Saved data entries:
lemma sum_local_strip_energy_le:
  "(\<integral>\<^sup>+k. local_strip_energy f (real_of_int k) \<partial>count_space UNIV) \<le> 3 * strip_energy f"
proof -
  let ?S = "\<lambda>x y. indicator {-1..1} (x - y) * ennreal (sq_slope f x y)"
  have "(\<integral>\<^sup>+k. local_strip_energy f (real_of_int k) \<partial>count_space UNIV)
      = (\<integral>\<^sup>+k. \<integral>\<^sup>+(x, y). indicator {real_of_int k - 1..real_of_int k + 1} x * ?S x y
          \<partial>(lborel \<Otimes>\<^sub>M lborel) \<partial>count_space UNIV)"
    unfolding local_strip_energy_def by (simp add: mult.assoc)
  also have "\<dots> = (\<integral>\<^sup>+(x, y). \<integral>\<^sup>+k. indicator {real_of_int k - 1..real_of_int k + 1} x * ?S x y
      \<partial>count_space UNIV \<partial>(lborel \<Otimes>\<^sub>M lborel))"
    by (simp add: split_beta' nn_integral_count_space_nn_integral)
  also have "\<dots> = (\<integral>\<^sup>+(x, y). (\<integral>\<^sup>+k. indicator {real_of_int k - 1..real_of_int k + 1} x \<partial>count_space UNIV) * ?S x y
      \<partial>(lborel \<Otimes>\<^sub>M lborel))"
    by (simp add: split_beta' nn_integral_multc)
  also have "\<dots> \<le> (\<integral>\<^sup>+(x, y). 3 * ?S x y \<partial>(lborel \<Otimes>\<^sub>M lborel))"
    by (intro nn_integral_mono) (simp add: split_beta' mult_right_mono nn_integral_indicator_near_integers_le)
  also have "\<dots> = 3 * strip_energy f"
    unfolding strip_energy_def by (simp add: split_beta' nn_integral_cmult)
  finally show ?thesis .
qed

lemma graph_energy_le_strip_energy: "graph_energy f \<le> 30 * strip_energy f"
proof -
  let ?L = "\<integral>\<^sup>+k. local_strip_energy f (real_of_int k) \<partial>count_space UNIV"
  have "(\<integral>\<^sup>+k. square_energy f (real_of_int k) \<partial>count_space UNIV) \<le> ?L"
    by (intro nn_integral_mono square_energy_le_local_strip_energy)
  moreover have "(\<integral>\<^sup>+k. vertex_energy f (real_of_int k) \<partial>count_space UNIV) \<le> 9 * ?L"
    by (subst nn_integral_cmult[symmetric]) (auto intro!: nn_integral_mono vertex_energy_le_local_strip_energy)
  ultimately have "graph_energy f \<le> 10 * ?L"
    unfolding graph_energy_def using distrib_right[of 1 9 ?L] by (simp add: add_mono)
  also have "\<dots> \<le> 10 * (3 * strip_energy f)"
    by (intro mult_left_mono sum_local_strip_energy_le) simp
  finally show ?thesis
    by (simp add: mult.assoc[symmetric])
qed
(* For any unit-weight graph $G$, there is a persuasive binary signaling scheme with cost exactly $\mathsf{OPT}^{\mathsf{stable}}$.
   Context: Setting. $V$ is a finite set of $n$ task types and $W$ is a symmetric matrix with entries in $\{0,1\}$ and $W_{v,v}=1$ (the unit-weight graph $G$ has edges $\{u,v\}$, $u\ne v$, with $W_{u,v}=1$). A vector $\theta\in\mathbb{R}_{\ge0}^V$ is feasible if $W\theta\ge\mathbf 1$ coordinatewise, and stable if it is feasible and for every $v$, $\theta_v=\min\{x\ge0: x+\sum_{v'\neq v}W_{v,v'}\theta_{v'}\ge1\}$. $\mathsf{OPT}^{\mathsf{stable}}=\min\{\|\theta\|_1:\theta\text{ stable}\}$. Signaling. There are $n$ agents; the type profile $t=(t_1,\dots,t_n)$ is a uniformly random bijection $[n]\to V$. A signaling scheme with finite signal space $\Sigma\subset[0,1]$ is a map $\varphi$ assigning to each bijection $t$ a distribution $\varphi(t)$ on $\Sigma^V$; given $t$, $s\sim\varphi(t)$ is drawn and agent $i$ privately receives $s_{t_i}$. For agent $i$, a signal $\theta\in\Sigma$ with $\Pr[s_{t_i}=\theta]>0$ and $x\ge0$, let $Q_i(x\mid\theta)=\mathbb{E}\big[x+\sum_{v'\neq t_i}W_{t_i,v'}s_{v'}\,\big|\,s_{t_i}=\theta\big]$. The scheme is persuasive if for every agent $i$ and every such $\theta$: $Q_i(\theta\mid\theta)\ge1$ and $\theta=\min\{x\ge0:Q_i(x\mid\theta)\ge1\}$. Its cost is $\mathbb{E}[\|s\|_1]$. Binary means $|\Sigma|=2$. *)

theory Defs
  imports "HOL-Probability.Probability"
begin

definition unit_weight_graph :: "'v set \<Rightarrow> ('v \<Rightarrow> 'v \<Rightarrow> real) \<Rightarrow> bool" where
  "unit_weight_graph V W \<longleftrightarrow> finite V \<and>
     (\<forall>u\<in>V. \<forall>v\<in>V. W u v \<in> {0, 1} \<and> W u v = W v u) \<and> (\<forall>v\<in>V. W v v = 1)"

definition feasible :: "'v set \<Rightarrow> ('v \<Rightarrow> 'v \<Rightarrow> real) \<Rightarrow> ('v \<Rightarrow> real) \<Rightarrow> bool" where
  "feasible V W \<theta> \<longleftrightarrow> (\<forall>v\<in>V. 0 \<le> \<theta> v) \<and> (\<forall>v\<in>V. (\<Sum>v'\<in>V. W v v' * \<theta> v') \<ge> 1)"

definition stable :: "'v set \<Rightarrow> ('v \<Rightarrow> 'v \<Rightarrow> real) \<Rightarrow> ('v \<Rightarrow> real) \<Rightarrow> bool" where
  "stable V W \<theta> \<longleftrightarrow> feasible V W \<theta> \<and>
     (\<forall>v\<in>V. \<theta> v = (LEAST x::real. 0 \<le> x \<and> x + (\<Sum>v'\<in>V - {v}. W v v' * \<theta> v') \<ge> 1))"

definition OPT_stable :: "'v set \<Rightarrow> ('v \<Rightarrow> 'v \<Rightarrow> real) \<Rightarrow> real" where
  "OPT_stable V W = Inf {(\<Sum>v\<in>V. \<bar>\<theta> v\<bar>) | \<theta>. stable V W \<theta>}"

text \<open>Type profiles: bijections from the agents {0..<n} (n = card V) onto V,
  represented extensionally (value undefined outside the agents).\<close>
definition profiles :: "'v set \<Rightarrow> (nat \<Rightarrow> 'v) set" where
  "profiles V = {t. bij_betw t {..<card V} V \<and> t \<in> extensional {..<card V}}"

definition valid_scheme :: "'v set \<Rightarrow> real set \<Rightarrow> ((nat \<Rightarrow> 'v) \<Rightarrow> ('v \<Rightarrow> real) pmf) \<Rightarrow> bool" where
  "valid_scheme V S \<phi> \<longleftrightarrow> finite S \<and> S \<subseteq> {0..1} \<and>
     (\<forall>t\<in>profiles V. set_pmf (\<phi> t) \<subseteq> PiE V (\<lambda>_. S))"

definition joint :: "'v set \<Rightarrow> ((nat \<Rightarrow> 'v) \<Rightarrow> ('v \<Rightarrow> real) pmf) \<Rightarrow> ((nat \<Rightarrow> 'v) \<times> ('v \<Rightarrow> real)) pmf" where
  "joint V \<phi> = pmf_of_set (profiles V) \<bind> (\<lambda>t. map_pmf (\<lambda>s. (t, s)) (\<phi> t))"

definition sig_event :: "nat \<Rightarrow> real \<Rightarrow> ((nat \<Rightarrow> 'v) \<times> ('v \<Rightarrow> real)) set" where
  "sig_event i \<theta> = {(t, s). s (t i) = \<theta>}"

definition Q :: "'v set \<Rightarrow> ('v \<Rightarrow> 'v \<Rightarrow> real) \<Rightarrow> ((nat \<Rightarrow> 'v) \<Rightarrow> ('v \<Rightarrow> real) pmf)
                  \<Rightarrow> nat \<Rightarrow> real \<Rightarrow> real \<Rightarrow> real" where
  "Q V W \<phi> i x \<theta> = measure_pmf.expectation (cond_pmf (joint V \<phi>) (sig_event i \<theta>))
      (\<lambda>(t, s). x + (\<Sum>v'\<in>V - {t i}. W (t i) v' * s v'))"

definition persuasive :: "'v set \<Rightarrow> ('v \<Rightarrow> 'v \<Rightarrow> real) \<Rightarrow> real set
                           \<Rightarrow> ((nat \<Rightarrow> 'v) \<Rightarrow> ('v \<Rightarrow> real) pmf) \<Rightarrow> bool" where
  "persuasive V W S \<phi> \<longleftrightarrow>
     (\<forall>i<card V. \<forall>\<theta>\<in>S. measure_pmf.prob (joint V \<phi>) (sig_event i \<theta>) > 0 \<longrightarrow>
        Q V W \<phi> i \<theta> \<theta> \<ge> 1 \<and> \<theta> = (LEAST x::real. 0 \<le> x \<and> Q V W \<phi> i x \<theta> \<ge> 1))"

definition cost :: "'v set \<Rightarrow> ((nat \<Rightarrow> 'v) \<Rightarrow> ('v \<Rightarrow> real) pmf) \<Rightarrow> real" where
  "cost V \<phi> = measure_pmf.expectation (joint V \<phi>) (\<lambda>(t, s). \<Sum>v\<in>V. \<bar>s v\<bar>)"

end

(*
  The signal ignores the type profile: draw a random independent set D and tell exactly the
  types in D to work.  A type told to work has no neighbour told to work, so its threshold is 1.
  A type told to idle expects at least one working neighbour as soon as
  E[sum_{u in D} (deg u + 1)] >= n, since for independent D counting the edges between D and its
  complement gives sum_{v notin D} (|N(v) inter D| - 1) = sum_{u in D} (deg u + 1) - n.
  The cost is E|D|.

  Such a D with E|D| = OPT_stable exists.  A stable theta satisfies
  sum_u theta_u (deg u + 1) >= n and is a fractional packing on its support, which rounds to an
  independent set X with sum_u theta_u c_u <= sum_{u in X} c_u for any weights c >= 0.  Taking
  c = deg + 1 - t gives, for every t, an independent set X with
  n - t OPT_stable <= sum_{u in X} (deg u + 1) - t |X|, and a two-dimensional Farkas argument
  turns these bounds into a mixture of two independent sets.
*)
theory Submission
  imports Defs "HOL-Combinatorics.Transposition"
begin

section \<open>Stable profiles\<close>

definition indep_set :: "('v \<Rightarrow> 'v \<Rightarrow> real) \<Rightarrow> 'v set \<Rightarrow> bool" where
  "indep_set W X \<longleftrightarrow> (\<forall>u\<in>X. \<forall>v\<in>X. u \<noteq> v \<longrightarrow> W u v = 0)"

definition closed_degree :: "'v set \<Rightarrow> ('v \<Rightarrow> 'v \<Rightarrow> real) \<Rightarrow> 'v \<Rightarrow> real" where
  "closed_degree V W u = (\<Sum>v\<in>V. W u v)"

lemma unit_weight_graph_finite: "unit_weight_graph V W \<Longrightarrow> finite V"
  by (simp add: unit_weight_graph_def)

lemma unit_weight_graph_sym: "unit_weight_graph V W \<Longrightarrow> u \<in> V \<Longrightarrow> v \<in> V \<Longrightarrow> W u v = W v u"
  by (simp add: unit_weight_graph_def)

lemma unit_weight_graph_01: "unit_weight_graph V W \<Longrightarrow> u \<in> V \<Longrightarrow> v \<in> V \<Longrightarrow> W u v \<in> {0, 1}"
  by (simp add: unit_weight_graph_def)

lemma unit_weight_graph_nonneg: "unit_weight_graph V W \<Longrightarrow> u \<in> V \<Longrightarrow> v \<in> V \<Longrightarrow> 0 \<le> W u v"
  using unit_weight_graph_01 by fastforce

lemma unit_weight_graph_diag: "unit_weight_graph V W \<Longrightarrow> v \<in> V \<Longrightarrow> W v v = 1"
  by (simp add: unit_weight_graph_def)

lemma unit_weight_graph_subset: "unit_weight_graph V W \<Longrightarrow> U \<subseteq> V \<Longrightarrow> unit_weight_graph U W"
  by (auto simp: unit_weight_graph_def finite_subset)

lemma least_threshold: "(LEAST x::real. 0 \<le> x \<and> 1 \<le> x + s) = max 0 (1 - s)"
  by (rule Least_equality) auto

lemma sum_remove_diag:
  assumes "unit_weight_graph V W" "v \<in> V"
  shows "(\<Sum>u\<in>V. W v u * \<theta> u) = \<theta> v + (\<Sum>u\<in>V - {v}. W v u * \<theta> u)"
  using assms by (simp add: sum.remove unit_weight_graph_finite unit_weight_graph_diag)

lemma stable_iff:
  assumes "unit_weight_graph V W"
  shows "stable V W \<theta> \<longleftrightarrow> feasible V W \<theta> \<and>
           (\<forall>v\<in>V. 0 < \<theta> v \<longrightarrow> (\<Sum>u\<in>V. W v u * \<theta> u) = 1)"
proof -
  have slack: "\<theta> v = max 0 (1 - (\<Sum>u\<in>V - {v}. W v u * \<theta> u))
      \<longleftrightarrow> (0 < \<theta> v \<longrightarrow> (\<Sum>u\<in>V. W v u * \<theta> u) = 1)"
    if "v \<in> V" "0 \<le> \<theta> v" "1 \<le> (\<Sum>u\<in>V. W v u * \<theta> u)" for v
    using sum_remove_diag[OF assms that(1), of \<theta>] that(2,3) by (auto simp: max_def)
  show ?thesis
    unfolding stable_def least_threshold using slack by (auto simp: feasible_def)
qed

lemma stable_feasible: "stable V W \<theta> \<Longrightarrow> feasible V W \<theta>"
  unfolding stable_def by blast

lemma stable_nonneg: "stable V W \<theta> \<Longrightarrow> v \<in> V \<Longrightarrow> 0 \<le> \<theta> v"
  using stable_feasible unfolding feasible_def by blast

lemma card_le_stable_weighted_degree:
  assumes g: "unit_weight_graph V W" and st: "stable V W \<theta>"
  shows "real (card V) \<le> (\<Sum>u\<in>V. \<theta> u * closed_degree V W u)"
proof -
  have "real (card V) = (\<Sum>v\<in>V. 1)"
    by simp
  also have "\<dots> \<le> (\<Sum>v\<in>V. \<Sum>u\<in>V. W v u * \<theta> u)"
    using stable_feasible[OF st] by (intro sum_mono) (simp add: feasible_def)
  also have "\<dots> = (\<Sum>u\<in>V. \<Sum>v\<in>V. W v u * \<theta> u)"
    by (rule sum.swap)
  also have "\<dots> = (\<Sum>u\<in>V. \<theta> u * closed_degree V W u)"
    unfolding closed_degree_def sum_distrib_left
    using unit_weight_graph_sym[OF g] by (intro sum.cong refl) (simp add: mult.commute)
  finally show ?thesis .
qed

lemma indep_set_empty [simp]: "indep_set W {}"
  by (simp add: indep_set_def)

lemma sum_indep_set_self:
  assumes "indep_set W X" "finite X" "v \<in> X" "W v v = 1"
  shows "(\<Sum>u\<in>X. W v u) = 1"
proof -
  have "(\<Sum>u\<in>X - {v}. W v u) = 0"
    using assms(1,3) by (intro sum.neutral) (auto simp: indep_set_def)
  then show ?thesis
    using assms(2-4) by (simp add: sum.remove)
qed
(* Let $\mathbf T$ be a countably infinite homogeneous tournament and $\mathbf T^*$ an expansion of $\mathbf T$ as in the context. If $\mathrm{Age}(\mathbf T^* )$ has the expansion property relative to $\mathrm{Age}(\mathbf T)$, then $\mathrm{Age}(I_\omega[\mathbf T]^* )$ has the expansion property relative to $\mathrm{Age}(I_\omega[\mathbf T])$, where $I_\omega[\mathbf T]$ is the reduct of $I_\omega[\mathbf T]^*$ to $\{E\}$.
   Context: The age $\mathrm{Age}(\mathbf F)$ of a structure $\mathbf F$ is the class of finite structures embeddable in $\mathbf F$. Expansion property: let $L\subseteq L^*$ be relational languages, $\mathcal K$ a class of finite $L$-structures and $\mathcal K^*$ a class of finite $L^*$-structures whose $L$-reducts lie in $\mathcal K$. $\mathcal K^*$ has the expansion property relative to $\mathcal K$ if for every $\mathbf A\in\mathcal K$ there is $\mathbf B\in\mathcal K$ such that for all $\mathbf A^*,\mathbf B^*\in\mathcal K^*$ whose $L$-reducts are $\mathbf A$ and $\mathbf B$ respectively, $\mathbf A^*$ embeds into $\mathbf B^*$. A tournament is a directed graph in which every pair of distinct vertices carries exactly one directed edge; it is homogeneous if every isomorphism between finite substructures extends to an automorphism. $\mathbf T=(T,E^{\mathbf T})$ is a countable homogeneous tournament, and $\mathbf T^*$ is an expansion of $\mathbf T$ to a countable relational language $L_{\mathbf T^*}\supseteq\{E,<\}$ in which $<$ is interpreted as a linear order $<^*$ on $T$. Fix a linear order $\prec$ on $\mathbb N$ with $(\mathbb N,\prec)\cong(\mathbb Q,<)$. The structure $I_\omega[\mathbf T]^*$ has universe $\mathbb N\times T$ and language $L_{\mathbf T^*}$, interpreted as: for each $m$-ary $R\in L_{\mathbf T^*}\setminus\{<\}$ (including $E$), $R((k_1,x_1),\dots,(k_m,x_m))$ iff $k_1=\dots=k_m$ and $R^{\mathbf T^*}(x_1,\dots,x_m)$; and $(i,x)<(j,y)$ iff $i\prec j$, or $i=j$ and $x<^*y$. *)

theory Defs
  imports Main "HOL-Library.Countable_Set"
begin

record ('l, 'a) rstruct =
  univ :: "'a set"
  rel :: "'l \<Rightarrow> 'a list \<Rightarrow> bool"

definition is_struct :: "'l set \<Rightarrow> ('l \<Rightarrow> nat) \<Rightarrow> ('l, 'a) rstruct \<Rightarrow> bool" where
  "is_struct L ar S \<longleftrightarrow>
     (\<forall>R xs. rel S R xs \<longrightarrow> R \<in> L \<and> length xs = ar R \<and> set xs \<subseteq> univ S)"

definition reduct :: "'l set \<Rightarrow> ('l, 'a) rstruct \<Rightarrow> ('l, 'a) rstruct" where
  "reduct L' S = \<lparr>univ = univ S, rel = (\<lambda>R xs. R \<in> L' \<and> rel S R xs)\<rparr>"

definition embedding :: "'l set \<Rightarrow> ('l \<Rightarrow> nat) \<Rightarrow> ('a \<Rightarrow> 'b)
    \<Rightarrow> ('l, 'a) rstruct \<Rightarrow> ('l, 'b) rstruct \<Rightarrow> bool" where
  "embedding L ar f A B \<longleftrightarrow>
     inj_on f (univ A) \<and> f ` univ A \<subseteq> univ B \<and>
     (\<forall>R\<in>L. \<forall>xs. set xs \<subseteq> univ A \<and> length xs = ar R \<longrightarrow>
        (rel A R xs \<longleftrightarrow> rel B R (map f xs)))"

text \<open>The age: all finite L-structures embeddable in F. Up to isomorphism every
  finite structure has a copy with universe a subset of nat, so we take
  representatives with universes in nat.\<close>
definition Age :: "'l set \<Rightarrow> ('l \<Rightarrow> nat) \<Rightarrow> ('l, 'a) rstruct \<Rightarrow> ('l, nat) rstruct set" where
  "Age L ar F = {A. is_struct L ar A \<and> finite (univ A) \<and> (\<exists>f. embedding L ar f A F)}"

definition expansion_property :: "'l set \<Rightarrow> 'l set \<Rightarrow> ('l \<Rightarrow> nat)
    \<Rightarrow> ('l, nat) rstruct set \<Rightarrow> ('l, nat) rstruct set \<Rightarrow> bool" where
  "expansion_property L Ls ar K Ks \<longleftrightarrow>
     (\<forall>A\<in>K. \<exists>B\<in>K. \<forall>As\<in>Ks. \<forall>Bs\<in>Ks.
        reduct L As = A \<longrightarrow> reduct L Bs = B \<longrightarrow> (\<exists>f. embedding Ls ar f As Bs))"

definition tournament :: "'l \<Rightarrow> ('l, 'a) rstruct \<Rightarrow> bool" where
  "tournament E S \<longleftrightarrow>
     (\<forall>x\<in>univ S. \<not> rel S E [x, x]) \<and>
     (\<forall>x\<in>univ S. \<forall>y\<in>univ S. x \<noteq> y \<longrightarrow> (rel S E [x, y] \<longleftrightarrow> \<not> rel S E [y, x]))"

*What the task requires:* Your answer should consist solely of the lines above from the line with "(\<lambda>(t, s). x" to the line with "real) \<Rightarrow> real set", both included, reproduced exactly.

*Task output:*
      (\<lambda>(t, s). x + (\<Sum>v'\<in>V - {t i}. W (t i) v' * s v'))"

definition persuasive :: "'v set \<Rightarrow> ('v \<Rightarrow> 'v \<Rightarrow> real) \<Rightarrow> real set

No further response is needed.